-
Type:
Improvement
-
Resolution: Unresolved
-
Priority:
Major - P3
-
None
-
Affects Version/s: None
-
Component/s: BSON, Performance
Use Case
As a... BSON user
I want... to deserialize large BSON latin strings quickly to avoid the overhead of per byte utf translations
So that... I can speed up my application
An idea from anna.henningsen@mongodb.com: Try viewing all of a BSON document as a string, find the beginning and end of strings within the view to speed up fetching long latin strings from documents.
User Experience
- What is the desired/expected outcome for the user once this ticket is implemented?
- Long strings are parsed faster
Dependencies
- upstream and/or downstream requirements and timelines to bear in mind
- None
Risks/Unknowns
- What could go wrong while implementing this change? (e.g., performance, inadvertent behavioral changes in adjacent functionality, existing tech debt, etc)
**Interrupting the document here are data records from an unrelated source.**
lemma class_expansion_val:
  assumes j: "j < 6" and k: "k < 6"
  shows "(\<Sum>i<6. map (map eis_val) eig ! i ! j * idem_val i k) = (if j = k then 1 else 0)"
proof -
  let ?g = "\<lambda>i. eis_mul (eig ! i ! j) (pick (idem ! i) (index_cls k))"
  have "(\<Sum>i<6. map (map eis_val) eig ! i ! j * idem_val i k) = (\<Sum>i<6. eis_val (?g i)) / of_int den"
    by (simp add: sum_divide_distrib eis_val_eig j idem_val_def eis_val_mul)
  also have "\<dots> = eis_val (eis_sum (map ?g [0..<6])) / of_int den"
    using sum_eis_val_upt[where g = ?g and k = 6] by simp
  moreover have "index_cls j = index_cls k \<longleftrightarrow> j = k"
    using j k by (metis cls_index_index_cls)
  ultimately show ?thesis using class_expansion_check j den_nonzero by simp
qed

lemma idem_val_0: "k < 6 \<Longrightarrow> idem_val 0 k = 1 / of_nat N"
  using arg_cong[OF idem_0_check[rule_format, of "index_cls k"], of eis_val] sizes den_nonzero
  by (simp add: idem_val_def eis_val_mul field_simps)

lemma idem_val_diag_nonzero: "i < 6 \<Longrightarrow> idem_val i 0 \<noteq> 0"
  using idem_diag_nonzero_check den_nonzero by (simp add: idem_val_def index_cls_def eis_val_eq_0_iff)

lemma eig_val_col_0: "i < 6 \<Longrightarrow> map (map eis_val) eig ! i ! 0 = 1"
  using eig_col_0 by (simp add: eis_val_eig)

lemma idem_val_factor:
  assumes i: "i < 6" and a: "a < N" and b: "b < N"
  shows "(\<Sum>k<m ! i. idem_val i (cls_of a (K ! i ! k)) * eis_val (Rf ! i ! b ! k)) = idem_val i (cls_of a b)"
proof -
  let ?g = "\<lambda>k x. eis_mul (pick (idem ! i) (T ! a ! k)) x"
  have lengths: "length (K ! i) = m ! i" "length (Rf ! i ! b) = m ! i"
    using factor_shape i b by (auto simp: list_all_length)
  have "list_all2 (\<lambda>r t. eis_sum (map2 ?g (K ! i) r) = pick (idem ! i) t) (Rf ! i) (T ! a)"
    using idem_factor_check i a sizes by (simp add: list_all_length)
  then have check: "eis_sum (map2 ?g (K ! i) (Rf ! i ! b)) = pick (idem ! i) (T ! a ! b)"
    using b length_row[OF a] by (auto simp: list_all2_conv_all_nth)
  have "(\<Sum>k<m ! i. idem_val i (cls_of a (K ! i ! k)) * eis_val (Rf ! i ! b ! k))
      = (\<Sum>k<m ! i. eis_val (?g (K ! i ! k) (Rf ! i ! b ! k))) / of_int den"
    by (simp add: sum_divide_distrib idem_val_def cls_of_def eis_val_mul)
  also have "\<dots> = eis_val (eis_sum (map (\<lambda>k. ?g (K ! i ! k) (Rf ! i ! b ! k)) [0..<m ! i])) / of_int den"
    using sum_eis_val_upt[where g = "\<lambda>k. ?g (K ! i ! k) (Rf ! i ! b ! k)" and k = "m ! i"] by simp
  also have "map (\<lambda>k. ?g (K ! i ! k) (Rf ! i ! b ! k)) [0..<m ! i] = map2 ?g (K ! i) (Rf ! i ! b)"
    using lengths by (intro nth_equalityI) auto
  finally show ?thesis using check by (simp add: idem_val_def cls_of_def)
qed

end

sublocale scheme_certificate \<subseteq> class_char_table n N cls_of isect_num "map (map eis_val) eig" idem_val
    m "(!) K" "\<lambda>i k b. eis_val (Rf ! i ! b ! k)"
  by unfold_locales
    (use sizes rel_iff_cls_of cls_of_eq_0_iff cls_of_onto card_isect_num isect_num_comm idem_val_adj_eigen
      eigenvalue_orth_val class_expansion_val idem_val_0 idem_val_diag_nonzero eig_val_col_0
      idem_val_factor sum_m_check in \<open>auto simp: cls_of_def\<close>)

definition cls_table_2 :: "cls list list" where
  "cls_table_2 =
    [[C0, C4, C5, C4, C1, C3, C5, C3, C2],
     [C5, C0, C4, C3, C4, C1, C2, C5, C3],
     [C4, C5, C0, C1, C3, C4, C3, C2, C5],
     [C5, C3, C2, C0, C4, C5, C4, C1, C3],
     [C2, C5, C3, C5, C0, C4, C3, C4, C1],
     [C3, C2, C5, C4, C5, C0, C1, C3, C4],
     [C4, C1, C3, C5, C3, C2, C0, C4, C5],
     [C3, C4, C1, C2, C5, C3, C5, C0, C4],
     [C1, C3, C4, C3, C2, C5, C4, C5, C0]]"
- Care must be taken to not misinterpret multibyte utf8 sequences
- Structurally the current deserializer may be difficult to work within given the recursive implementation. Refactors may be necessary in order to share the string view with the whole decoding process.
- Is there an opportunity for better cross-driver alignment or testing in this area?
- Possibly, if the performance improves we should share the approach with others if it is possible in their language, not necessarily something for the specs.
- Is there an opportunity to improve existing documentation on this subject?
- No
Acceptance Criteria
Implementation Requirements
- Attempt:
- viewing BSON document bytes as a JS string
- determine the offsets of a string start and end and take slices from that string as you parse the BSON
- validate the string does not contain multibyte sequences
Testing Requirements
- Check for correctness
- If a performance test does not exist for long strings add one to main first
Documentation Requirements
- None
Follow Up Requirements
- additional tickets to file, required releases, etc
- if node behavior differs/will differ from other drivers, confirm with dbx devs what standard to aim for and what plan, if any, exists to reconcile the diverging behavior moving forward
- Are there additional optimizations if the string only contains a small amount of multibyte characters?